Mole Chicken.

Or Chicken Mole. No, this is not a recipe for cooking small burrowing creatures. Mole, in this context, is a Mexican word meaning sauce. It derives from the native Nahuatl word ‘molli’ – which means sauce, or mixture – and is a whole style of cuisine in its own right. There are literally thousands of mole recipes, many of them very complex, often with fifteen or more ingredients, but all contain chilli peppers. This one also contains, unusually, chocolate [derived another Nahuatl word, ‘chocolatl’] and is quite distinctive. As always, the amount of chilli used is optional.


¼ cup olive oil.

1 onion, peeled and chopped.

1 capsicum, seeded and diced.

1 green chilli, seeded and diced.

3 cloves garlic, chopped.

1 tablespoon ground cumin.

½ teaspoon ground cinnamon.

Salt to taste.

1 400g can tomatoes.

¼ cup sultanas.

1 cup beer.

2 tablespoons peanut butter.

2 tablespoons olive oil.

300g lean chicken meat, diced.

2 tablespoons grated cooking chocolate.

Coriander greens to garnish.


Heat the ¼ cup of oil in a sauté pan over a hot flame. Add the onion, capsicum and garlic and stir fry until beginning to caramelise. Stir in the cumin, cinnamon and salt, cook for another 2-3 minutes, then add the tomatoes, sultanas, beer and the peanut butter. Bring to the boil, reduce heat and simmer gently, uncovered, for 20 minutes, stirring frequently.

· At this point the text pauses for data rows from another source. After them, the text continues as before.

lemma abs_Re_cinner_mult_integral_le:
  assumes "bounded_linear A" and "is_adjoint A B"
    and "continuous_on {a..b} \<phi>" and "continuous_on {a..b} \<psi>" and "norm x = 1"
  shows "\<bar>Re (cinner (A x) x)\<bar> * integral {a..b} (\<lambda>t. \<bar>\<phi> t + \<psi> t\<bar>) \<le> integral {a..b} (omega \<phi> \<psi> A B)"
proof (rule mult_integral_le)
  fix t
  have "\<bar>Re (cinner (A x) x)\<bar> * \<bar>\<phi> t + \<psi> t\<bar>
      = \<bar>Re (of_real (\<phi> t) * cinner (A x) x + of_real (\<psi> t) * cnj (cinner (A x) x))\<bar>"
    unfolding Re_real_combination by (simp add: abs_mult)
  also have "\<dots> \<le> cmod (of_real (\<phi> t) * cinner (A x) x + of_real (\<psi> t) * cnj (cinner (A x) x))"
    by (rule abs_Re_le_cmod)
  also have "\<dots> \<le> omega \<phi> \<psi> A B t"
    by (rule cmod_real_combination_le_omega[OF assms(1,2,5)])
  finally show "\<bar>Re (cinner (A x) x)\<bar> * \<bar>\<phi> t + \<psi> t\<bar> \<le> omega \<phi> \<psi> A B t" .
qed (use assms in \<open>auto intro!: integrable_continuous_interval continuous_on_omega continuous_intros\<close>)

lemma abs_Im_cinner_mult_integral_le:
  assumes "bounded_linear A" and "is_adjoint A B"
    and "continuous_on {a..b} \<phi>" and "continuous_on {a..b} \<psi>" and "norm x = 1"
  shows "\<bar>Im (cinner (A x) x)\<bar> * integral {a..b} (\<lambda>t. \<bar>\<phi> t - \<psi> t\<bar>) \<le> integral {a..b} (omega \<phi> \<psi> A B)"
proof (rule mult_integral_le)
  fix t
  have "\<bar>Im (cinner (A x) x)\<bar> * \<bar>\<phi> t - \<psi> t\<bar>
      = \<bar>Im (of_real (\<phi> t) * cinner (A x) x + of_real (\<psi> t) * cnj (cinner (A x) x))\<bar>"
    unfolding Im_real_combination by (simp add: abs_mult)
  also have "\<dots> \<le> cmod (of_real (\<phi> t) * cinner (A x) x + of_real (\<psi> t) * cnj (cinner (A x) x))"
    by (rule abs_Im_le_cmod)
  also have "\<dots> \<le> omega \<phi> \<psi> A B t"
    by (rule cmod_real_combination_le_omega[OF assms(1,2,5)])
  finally show "\<bar>Im (cinner (A x) x)\<bar> * \<bar>\<phi> t - \<psi> t\<bar> \<le> omega \<phi> \<psi> A B t" .
qed (use assms in \<open>auto intro!: integrable_continuous_interval continuous_on_omega continuous_intros\<close>)

lemma norm_ReOp_le_integral:
  assumes "bounded_linear A" and "is_adjoint A B"
    and "continuous_on {a..b} \<phi>" and "continuous_on {a..b} \<psi>"
    and "0 < integral {a..b} (\<lambda>t. \<bar>\<phi> t + \<psi> t\<bar>)"
  shows "norm (ReOp A B x)
    \<le> 1 / integral {a..b} (\<lambda>t. \<bar>\<phi> t + \<psi> t\<bar>) * integral {a..b} (omega \<phi> \<psi> A B) * norm x"
proof (rule self_adjoint_norm_le[OF ReOp_self_adjoint[OF assms(2)]])
  fix y :: 'a
  assume "norm y = 1"
  then show "\<bar>Re (cinner (ReOp A B y) y)\<bar>
      \<le> 1 / integral {a..b} (\<lambda>t. \<bar>\<phi> t + \<psi> t\<bar>) * integral {a..b} (omega \<phi> \<psi> A B)"
    using abs_Re_cinner_mult_integral_le[OF assms(1-4)] assms(5)
    by (simp add: Re_cinner_ReOp[OF assms(2)] field_simps)
qed

lemma norm_ImOp_le_integral:
  assumes "bounded_linear A" and "is_adjoint A B"
    and "continuous_on {a..b} \<phi>" and "continuous_on {a..b} \<psi>"
    and "0 < integral {a..b} (\<lambda>t. \<bar>\<phi> t - \<psi> t\<bar>)"
  shows "norm (ImOp A B x)
    \<le> 1 / integral {a..b} (\<lambda>t. \<bar>\<phi> t - \<psi> t\<bar>) * integral {a..b} (omega \<phi> \<psi> A B) * norm x"
proof (rule self_adjoint_norm_le[OF ImOp_self_adjoint[OF assms(2)]])
  fix y :: 'a
  assume "norm y = 1"
  then show "\<bar>Re (cinner (ImOp A B y) y)\<bar>
      \<le> 1 / integral {a..b} (\<lambda>t. \<bar>\<phi> t - \<psi> t\<bar>) * integral {a..b} (omega \<phi> \<psi> A B)"
    using abs_Im_cinner_mult_integral_le[OF assms(1-4)] assms(5)
    by (simp add: Re_cinner_ImOp[OF assms(2)] field_simps)
qed

lemma integral_omega_nonneg:
  assumes "bounded_linear A" and "is_adjoint A B"
    and "continuous_on {a..b} \<phi>" and "continuous_on {a..b} \<psi>"
  shows "0 \<le> integral {a..b} (omega \<phi> \<psi> A B)"
  using assms
  by (auto intro!: integral_nonneg omega_nonneg integrable_continuous_interval continuous_on_omega)

lemma onorm_ReOp_le_integral:
  assumes "bounded_linear A" and "is_adjoint A B"
    and "continuous_on {a..b} \<phi>" and "continuous_on {a..b} \<psi>"
    and "a < b" and "\<exists>t\<in>{a..b}. \<phi> t + \<psi> t \<noteq> 0"
  shows "onorm (ReOp A B)
    \<le> 1 / integral {a..b} (\<lambda>t. \<bar>\<phi> t + \<psi> t\<bar>) * integral {a..b} (omega \<phi> \<psi> A B)"
proof -
  have "0 < integral {a..b} (\<lambda>t. \<bar>\<phi> t + \<psi> t\<bar>)"
    using assms(3-6) by (auto intro!: integral_abs_pos continuous_intros)
  then show ?thesis
    using integral_omega_nonneg[OF assms(1-4)]
    by (intro onorm_bound[OF _ norm_ReOp_le_integral[OF assms(1-4)]]) simp_all
qed

lemma onorm_ImOp_le_integral:
  assumes "bounded_linear A" and "is_adjoint A B"
    and "continuous_on {a..b} \<phi>" and "continuous_on {a..b} \<psi>"
    and "a < b" and "\<exists>t\<in>{a..b}. \<phi> t \<noteq> \<psi> t"
  shows "onorm (ImOp A B)
    \<le> 1 / integral {a..b} (\<lambda>t. \<bar>\<phi> t - \<psi> t\<bar>) * integral {a..b} (omega \<phi> \<psi> A B)"
proof -
  have "0 < integral {a..b} (\<lambda>t. \<bar>\<phi> t - \<psi> t\<bar>)"
    using assms(3-6) by (auto intro!: integral_abs_pos continuous_intros)
  then show ?thesis
    using integral_omega_nonneg[OF assms(1-4)]
    by (intro onorm_bound[OF _ norm_ImOp_le_integral[OF assms(1-4)]]) simp_all
qed

lemma onorm_le_integral:
  assumes "bounded_linear A" and "is_adjoint A B"
    and "continuous_on {a..b} \<phi>" and "continuous_on {a..b} \<psi>"
    and "a < b" and "\<exists>t\<in>{a..b}. \<bar>\<phi> t\<bar> \<noteq> \<bar>\<psi> t\<bar>"
  shows "onorm A \<le> (1 / integral {a..b} (\<lambda>t. \<bar>\<phi> t + \<psi> t\<bar>) + 1 / integral {a..b} (\<lambda>t. \<bar>\<phi> t - \<psi> t\<bar>))
    * integral {a..b} (omega \<phi> \<psi> A B)"
    (is "_ \<le> (1 / ?I\<^sub>1 + 1 / ?I\<^sub>2) * ?J")
proof (rule onorm_bound)
  obtain t where "t \<in> {a..b}" and "\<phi> t + \<psi> t \<noteq> 0" and "\<phi> t - \<psi> t \<noteq> 0"
    using assms(6) by force
  then have I\<^sub>1: "0 < ?I\<^sub>1" and I\<^sub>2: "0 < ?I\<^sub>2"
    using assms(3-5) by (auto intro!: integral_abs_pos continuous_intros)
  then show "0 \<le> (1 / ?I\<^sub>1 + 1 / ?I\<^sub>2) * ?J"
    using integral_omega_nonneg[OF assms(1-4)] by simp
  fix x
  show "norm (A x) \<le> (1 / ?I\<^sub>1 + 1 / ?I\<^sub>2) * ?J * norm x"
    using norm_le_norm_ReOp_add_norm_ImOp[of A x B]
      norm_ReOp_le_integral[OF assms(1-4) I\<^sub>1, of x] norm_ImOp_le_integral[OF assms(1-4) I\<^sub>2, of x]
    by (simp add: algebra_simps)
qed

theorem proposition2p9:
  fixes A Astar :: "'a::complex_hilbert \<Rightarrow> 'a"
    and \<phi> \<psi> :: "real \<Rightarrow> real"
  assumes "continuous_on {0..1} \<phi>" and "continuous_on {0..1} \<psi>"
    and "bounded_op A" and "is_adjoint A Astar"
  shows "((\<exists>t\<in>{0..1}. \<phi> t + \<psi> t \<noteq> 0) \<longrightarrow>
            onorm (ReOp A Astar) \<le>
              (1 / integral {0..1} (\<lambda>t. \<bar>\<phi> t + \<psi> t\<bar>)) * integral {0..1} (omega \<phi> \<psi> A Astar))
       \<and> ((\<exists>t\<in>{0..1}. \<phi> t \<noteq> \<psi> t) \<longrightarrow>
            onorm (ImOp A Astar) \<le>
              (1 / integral {0..1} (\<lambda>t. \<bar>\<phi> t - \<psi> t\<bar>)) * integral {0..1} (omega \<phi> \<psi> A Astar))
       \<and> ((\<exists>t\<in>{0..1}. \<bar>\<phi> t\<bar> \<noteq> \<bar>\<psi> t\<bar>) \<longrightarrow>
            onorm A \<le>
              (1 / integral {0..1} (\<lambda>t. \<bar>\<phi> t + \<psi> t\<bar>) + 1 / integral {0..1} (\<lambda>t. \<bar>\<phi> t - \<psi> t\<bar>))
              * integral {0..1} (omega \<phi> \<psi> A Astar))"
proof -
  have A: "bounded_linear A"
    using assms(3) by (simp add: bounded_op_def)
  show ?thesis
    using onorm_ReOp_le_integral[OF A assms(4,1,2) zero_less_one]
      onorm_ImOp_le_integral[OF A assms(4,1,2) zero_less_one]
      onorm_le_integral[OF A assms(4,1,2) zero_less_one]
    by blast
qed

end
lemma lctn_matricize_rank_le:
  assumes L: "L > 0" and R: "R > 0" and W: "is_lctn L D R W" and K: "K \<in> canonical L"
  obtains P :: "nat set" and f g where "finite P" "card P \<le> R"
    "\<And>r c. r \<in> rowidx D K \<Longrightarrow> c \<in> rowidx D ({1..2^L} - K) \<Longrightarrow>
       W (merge_idx K r c) = (\<Sum>p\<in>P. f p r * g p c)"
proof -
  from K obtain l n where l: "l \<le> L" "n \<in> {1..2^l}" and K_eq: "K = leaf_block (L - l) n"
    unfolding canonical_eq_leaf_blocks by blast
  show ?thesis
  proof (cases "l = 0")
    case True
    then have "rowidx D ({1..2^L} - K) = {\<lambda>_. undefined}"
      using l by (simp add: K_eq leaf_block_def rowidx_def)
    then show ?thesis
      using that[of "{1}" "\<lambda>p r. W (merge_idx K r (\<lambda>_. undefined))" "\<lambda>p c. 1"] R by auto
  next
    case False
    from W obtain \<phi> a atop where Wd: "\<forall>i\<in>tidx (2^L) D. W i = (\<Sum>p\<in>{1..R}. \<Sum>q\<in>{1..R}.
                 atop p q * tn_node \<phi> a R (L-1) 1 p i * tn_node \<phi> a R (L-1) 2 q i)"
      unfolding is_lctn_def by blast
    have "L - l \<le> L - 1" "L - (L - l) = l" using l False by auto
    then have "\<forall>n\<in>{1..2^l}. \<exists>G. (\<forall>r. ignores_axes (2^L) (leaf_block (L - l) n) (G r)) \<and>
        (\<forall>i\<in>tidx (2^L) D. W i = (\<Sum>r\<in>{1..R}. tn_node \<phi> a R (L - l) n r i * G r i))"
      using lctn_node_factorization[where \<phi> = \<phi> and a = a and R = R and atop = atop and W = W
              and X = "tidx (2^L) D" and h = "L - l"] L Wd by auto
    then obtain G where G: "\<And>r. ignores_axes (2^L) K (G r)"
      and WG: "\<forall>i\<in>tidx (2^L) D. W i = (\<Sum>r\<in>{1..R}. tn_node \<phi> a R (L - l) n r i * G r i)"
      using l K_eq by blast
    have "tn_node \<phi> a R (L - l) n p i = tn_node \<phi> a R (L - l) n p i'" if "\<forall>j\<in>K. i j = i' j" for p i i'
      using l that by (intro tn_node_local) (auto simp: K_eq)
    then show ?thesis
      using that[of "{1..R}"] matricize_sum_of_products[OF canonical_subset[OF K] _ G WG] by auto
  qed
qed
lemma emeasure_lborel_annulus:
  fixes t s :: real
  assumes "0 \<le> t" "t \<le> s"
  shows "emeasure (lborel :: complex measure) {z. t < (cmod z)\<^sup>2 \<and> (cmod z)\<^sup>2 \<le> s} = ennreal (pi * (s - t))"
proof -
  have norm_le_sqrt: "cmod z \<le> sqrt r \<longleftrightarrow> (cmod z)\<^sup>2 \<le> r" if "0 \<le> r" for z :: complex and r
    using real_sqrt_le_iff[of "(cmod z)\<^sup>2" r] by simp
  have annulus: "{z. t < (cmod z)\<^sup>2 \<and> (cmod z)\<^sup>2 \<le> s} = cball 0 (sqrt s) - cball 0 (sqrt t)"
    using assms by (auto simp: dist_norm norm_le_sqrt)
  have "cball (0 :: complex) (sqrt t) \<subseteq> cball 0 (sqrt s)"
    using assms by (simp add: subset_cball)
  then have "emeasure (lborel :: complex measure) {z. t < (cmod z)\<^sup>2 \<and> (cmod z)\<^sup>2 \<le> s}
      = emeasure lborel (cball (0 :: complex) (sqrt s)) - emeasure lborel (cball (0 :: complex) (sqrt t))"
    unfolding annulus using assms by (intro emeasure_Diff) (auto simp: emeasure_cball)
  also have "\<dots> = ennreal (pi * s) - ennreal (pi * t)"
    using assms by (simp add: emeasure_cball unit_ball_vol_2)
  finally show ?thesis
    using assms by (simp add: ennreal_minus right_diff_distrib)
qed
(* There is an absolute constant $C>0$ such that the following holds. Let $n,k$ be positive integers, let $p_1,\dots,p_n\in[0,1]$, and let $X_1,\dots,X_n$ be independent indicator random variables with $\mathbb{E}[X_i]=p_i$. Then there exist $q_1,\dots,q_n\in[0,1]$ such that: (1) $|q_i-p_i|\le C/k$ for all $i$; (2) each $q_i$ is an integer multiple of $1/k$; (3) if $Y_1,\dots,Y_n$ are independent indicator random variables with $\mathbb{E}[Y_i]=q_i$, then $\left\|\sum_i X_i-\sum_i Y_i\right\|\le C k^{-1/2}$ and, for every $j\in[n]$, $\left\|\sum_{i\ne j}X_i-\sum_{i\ne j}Y_i\right\|\le Ck^{-1/2}$.
   Context: For integer-valued random variables $A,B$ (identified with their distributions), $\|A-B\|$ denotes the total variation distance $\frac12\sum_{a}|\Pr[A=a]-\Pr[B=a]|$. *)

theory Defs
  imports "HOL-Probability.Probability"
begin

definition indicator_sum_pmf :: "(nat \<Rightarrow> real) \<Rightarrow> nat set \<Rightarrow> nat pmf" where
  "indicator_sum_pmf p I =
     map_pmf (\<lambda>x. \<Sum>i\<in>I. of_bool (x i)) (Pi_pmf I False (\<lambda>i. bernoulli_pmf (p i)))"

definition tv_dist :: "nat pmf \<Rightarrow> nat pmf \<Rightarrow> real" where
  "tv_dist A B = (1/2) * (\<Sum>\<^sub>\<infinity>a. \<bar>pmf A a - pmf B a\<bar>)"

end

theory Submission
  imports Defs "HOL-Computational_Algebra.Polynomial"
begin

(*
  The law of a sum of independent indicators with means p_i, i in I, has generating
  polynomial gen_poly p I = prod_i ((1 - p_i) + p_i X), and the total variation distance of
  two such laws is half the l1-norm of the coefficient vector of gen_poly p I - gen_poly q I.
  Sort the p_i increasingly and round them along this order so that every partial sum of
  p - q over an interval of indices lies in [-1/k, 1/k] (the rounded values are the increments
  of floor(k * partial sums of p) / k).  Swapping the factors one at a time and summing by
  parts writes gen_poly p - gen_poly q as a boundary term plus terms E_m (q_m - p_(m+1)) D^2 R_m,
  where E_m are partial sums of p - q, D = X - 1, and R_m are products of Bernoulli factors.
  A smoothing estimate, obtained by comparing each factor with the binomial polynomial
  (1 + X)/2, bounds |D^2 R_m| by O(1/(1 + sum_t min(p_t, 1 - p_t))), while monotonicity of p
  bounds sum_m |q_m - p_(m+1)| by O(1 + sum_t min(p_t, 1 - p_t)).  Hence the distance is O(1/k);
  deleting one index only doubles the partial-sum bound.  This gives the theorem with C = 194.
*)

definition l1norm :: "real poly \<Rightarrow> real" where
  "l1norm P = (\<Sum>i\<le>degree P. \<bar>coeff P i\<bar>)"

lemma l1norm_eq: "degree P < N \<Longrightarrow> l1norm P = (\<Sum>i<N. \<bar>coeff P i\<bar>)"
  unfolding l1norm_def by (intro sum.mono_neutral_left) (auto simp: coeff_eq_0)

lemma l1norm_nonneg: "l1norm P \<ge> 0"
  unfolding l1norm_def by (intro sum_nonneg) auto

lemma l1norm_0 [simp]: "l1norm 0 = 0"
  by (simp add: l1norm_def)

lemma l1norm_1 [simp]: "l1norm 1 = 1"
  by (simp add: l1norm_def)

lemma l1norm_pCons: "l1norm (pCons a P) = \<bar>a\<bar> + l1norm P"
proof -
  have "degree (pCons a P) < Suc (Suc (degree P))"
    using degree_pCons_le[of a P] by linarith
  then have "l1norm (pCons a P) = (\<Sum>i<Suc (Suc (degree P)). \<bar>coeff (pCons a P) i\<bar>)"
    by (rule l1norm_eq)
  also have "\<dots> = \<bar>a\<bar> + (\<Sum>i<Suc (degree P). \<bar>coeff P i\<bar>)"
    by (subst sum.lessThan_Suc_shift) simp
  also have "(\<Sum>i<Suc (degree P). \<bar>coeff P i\<bar>) = l1norm P"
    by (rule l1norm_eq[symmetric]) simp
  finally show ?thesis .
qed

lemma l1norm_add: "l1norm (P + Q) \<le> l1norm P + l1norm Q"
proof -
  define N where "N = Suc (max (degree P) (degree Q))"
  have "degree P < N" "degree Q < N" "degree (P + Q) < N"
    using degree_add_le_max[of P Q] unfolding N_def by auto
  then show ?thesis
    by (simp add: l1norm_eq sum.distrib[symmetric] sum_mono abs_triangle_ineq)
qed

lemma l1norm_smult: "l1norm (smult c P) = \<bar>c\<bar> * l1norm P"
proof -
  have "degree (smult c P) < Suc (degree P)"
    using degree_smult_le[of c P] by simp
  then show ?thesis
    by (simp add: l1norm_eq[of _ "Suc (degree P)"] abs_mult sum_distrib_left
        del: sum.lessThan_Suc)
qed

lemma l1norm_diff: "l1norm (P - Q) \<le> l1norm P + l1norm Q"
  using l1norm_add[of P "-Q"] l1norm_smult[of "-1" Q] by simp

lemma l1norm_mult: "l1norm (P * Q) \<le> l1norm P * l1norm Q"
proof (induction P rule: pCons_induct)
  case (pCons a P)
  have "l1norm (pCons a P * Q) = l1norm (smult a Q + pCons 0 (P * Q))"
    by simp
  also have "\<dots> \<le> \<bar>a\<bar> * l1norm Q + l1norm (P * Q)"
    using l1norm_add[of "smult a Q" "pCons 0 (P * Q)"] by (simp add: l1norm_smult l1norm_pCons)
  also have "\<dots> \<le> \<bar>a\<bar> * l1norm Q + l1norm P * l1norm Q"
    using pCons.IH by simp
  also have "\<dots> = l1norm (pCons a P) * l1norm Q"
    by (simp add: l1norm_pCons algebra_simps)
  finally show ?case .
qed simp

lemma l1norm_sum: "l1norm (\<Sum>x\<in>A. f x) \<le> (\<Sum>x\<in>A. l1norm (f x))"
proof (induction A rule: infinite_finite_induct)
  case (insert x F)
  then show ?case using l1norm_add[of "f x" "sum f F"] by simp
qed auto

lemma l1norm_prod: "l1norm (\<Prod>x\<in>A. f x) \<le> (\<Prod>x\<in>A. l1norm (f x))"
proof (induction A rule: infinite_finite_induct)
  case (insert x F)
  have "l1norm (f x * prod f F) \<le> l1norm (f x) * l1norm (prod f F)"
    by (rule l1norm_mult)
  also have "\<dots> \<le> l1norm (f x) * (\<Prod>x\<in>F. l1norm (f x))"
    by (intro mult_left_mono insert.IH l1norm_nonneg)
  finally show ?case using insert by simp
qed simp_all

lemma l1norm_power: "l1norm (P ^ j) \<le> l1norm P ^ j"
  using l1norm_prod[of "\<lambda>_. P" "{..<j}"] by simp

definition bern_poly :: "real \<Rightarrow> real poly" where
  "bern_poly x = [:1 - x, x:]"

definition gen_poly :: "(nat \<Rightarrow> real) \<Rightarrow> nat set \<Rightarrow> real poly" where
  "gen_poly p I = (\<Prod>i\<in>I. bern_poly (p i))"

definition dpoly :: "real poly" where
  "dpoly = [:-1, 1:]"

lemma l1norm_dpoly: "l1norm dpoly = 2"
  by (simp add: dpoly_def l1norm_pCons)

lemma bern_poly_diff: "bern_poly a - bern_poly b = smult (a - b) dpoly"
  by (simp add: bern_poly_def dpoly_def)

lemma l1norm_gen_poly:
  assumes "\<And>i. i \<in> I \<Longrightarrow> 0 \<le> p i \<and> p i \<le> 1"
  shows "l1norm (gen_poly p I) \<le> 1"
proof -
  have "l1norm (gen_poly p I) \<le> (\<Prod>i\<in>I. l1norm (bern_poly (p i)))"
    unfolding gen_poly_def by (rule l1norm_prod)
  also have "\<dots> = 1"
    using assms by (intro prod.neutral) (auto simp: bern_poly_def l1norm_pCons)
  finally show ?thesis .
qed

lemma indicator_sum_pmf_insert:
  assumes "finite A" "x \<notin> A"
  shows "indicator_sum_pmf p (insert x A) =
    bind_pmf (bernoulli_pmf (p x)) (\<lambda>y. map_pmf (\<lambda>s. of_bool y + s) (indicator_sum_pmf p A))"
proof -
  let ?P = "pair_pmf (bernoulli_pmf (p x)) (Pi_pmf A False (\<lambda>i. bernoulli_pmf (p i)))"
  have sum_upd: "(\<Sum>i\<in>insert x A. of_bool ((f(x := y)) i)) = of_bool y + (\<Sum>i\<in>A. of_bool (f i) :: nat)"
    for f y
  proof -
    have "(\<Sum>i\<in>A. of_bool ((f(x := y)) i)) = (\<Sum>i\<in>A. of_bool (f i) :: nat)"
      using assms by (intro sum.cong) auto
    then show ?thesis using assms by (simp del: sum_of_bool_eq)
  qed
  have "indicator_sum_pmf p (insert x A) =
      map_pmf (\<lambda>(y, f). \<Sum>i\<in>insert x A. of_bool ((f(x := y)) i)) ?P"
    unfolding indicator_sum_pmf_def using assms
    by (subst Pi_pmf_insert) (simp_all only: pmf.map_comp o_def case_prod_unfold not_False_eq_True)
  also have "\<dots> = map_pmf (\<lambda>(y, f). of_bool y + (\<Sum>i\<in>A. of_bool (f i))) ?P"
    by (simp only: sum_upd)
  also have "\<dots> = map_pmf (\<lambda>(y, s). of_bool y + s) (pair_pmf (bernoulli_pmf (p x)) (indicator_sum_pmf p A))"
    unfolding indicator_sum_pmf_def pair_map_pmf2
    by (simp add: map_pmf_comp case_prod_unfold apsnd_def map_prod_def)
  finally show ?thesis
    by (simp add: pair_pmf_def map_bind_pmf bind_map_pmf bind_return_pmf map_pmf_def bind_assoc_pmf)
qed

lemma pmf_indicator_sum_pmf:
  assumes "finite I" "\<And>i. i \<in> I \<Longrightarrow> 0 \<le> p i \<and> p i \<le> 1"
  shows "pmf (indicator_sum_pmf p I) n = coeff (gen_poly p I) n"
  using assms
proof (induction I arbitrary: n rule: finite_induct)
  case empty
  then show ?case by (simp add: indicator_sum_pmf_def gen_poly_def pmf_return)
next
  case (insert x A)
  have px: "0 \<le> p x" "p x \<le> 1" using insert.prems by auto
  have shift0: "pmf (map_pmf Suc P) 0 = 0" and shift: "pmf (map_pmf Suc P) (Suc m) = pmf P m" for P m
    by (auto simp: pmf_map_inj' intro!: pmf_map_outside)
  have plus1: "(+) (Suc 0) = Suc" and plus0: "(+) (0::nat) = id" by auto
  have "pmf (indicator_sum_pmf p (insert x A)) n =
        p x * pmf (map_pmf Suc (indicator_sum_pmf p A)) n + (1 - p x) * pmf (indicator_sum_pmf p A) n"
    using px insert.hyps
    by (simp add: indicator_sum_pmf_insert pmf_bind plus1 plus0 pmf.map_id algebra_simps)
  also have "\<dots> = coeff (bern_poly (p x) * gen_poly p A) n"
    using insert.IH insert.prems
    by (cases n) (simp_all add: shift0 shift bern_poly_def algebra_simps)
  also have "bern_poly (p x) * gen_poly p A = gen_poly p (insert x A)"
    using insert.hyps by (simp add: gen_poly_def)
  finally show ?case .
qed

lemma tv_dist_eq_l1norm:
  assumes "finite I" "\<And>i. i \<in> I \<Longrightarrow> 0 \<le> p i \<and> p i \<le> 1" "\<And>i. i \<in> I \<Longrightarrow> 0 \<le> q i \<and> q i \<le> 1"
  shows "tv_dist (indicator_sum_pmf p I) (indicator_sum_pmf q I) = l1norm (gen_poly p I - gen_poly q I) / 2"
proof -
  define P where "P = gen_poly p I - gen_poly q I"
  define N where "N = Suc (degree P)"
  have "(\<Sum>\<^sub>\<infinity>a. \<bar>pmf (indicator_sum_pmf p I) a - pmf (indicator_sum_pmf q I) a\<bar>)
      = (\<Sum>\<^sub>\<infinity>a. \<bar>coeff P a\<bar>)"
    using pmf_indicator_sum_pmf[OF assms(1,2)] pmf_indicator_sum_pmf[OF assms(1,3)] by (simp add: P_def)
  also have "\<dots> = (\<Sum>\<^sub>\<infinity>a\<in>{..<N}. \<bar>coeff P a\<bar>)"
    by (intro infsum_cong_neutral) (auto simp: N_def coeff_eq_0)
  also have "\<dots> = l1norm P"
    by (simp add: l1norm_eq[of P N] N_def del: sum.lessThan_Suc)
  finally show ?thesis unfolding tv_dist_def P_def by simp
qed

lemma tv_dist_le_1:
  assumes "finite I" "\<And>i. i \<in> I \<Longrightarrow> 0 \<le> p i \<and> p i \<le> 1" "\<And>i. i \<in> I \<Longrightarrow> 0 \<le> q i \<and> q i \<le> 1"
  shows "tv_dist (indicator_sum_pmf p I) (indicator_sum_pmf q I) \<le> 1"
  using l1norm_diff[of "gen_poly p I" "gen_poly q I"] l1norm_gen_poly[of I p] l1norm_gen_poly[of I q]
  by (simp add: tv_dist_eq_l1norm[OF assms] assms)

Remove from the heat and zap with a kitchen whizz to a thick paste. The above will yield about 600ml, of which you will need half. Place the other half in a sealed container and store in the freezer – it will remain good for a long time.

Heat the 2 tablespoons of oil in a pan over a hot flame and sauté the meat until sealed. Add the remaining tomato mixture, bring to the boil and add the chocolate. Stir well to incorporate and simmer for 15 minutes or until the meat is cooked right through. Serve garnished with chopped coriander greens.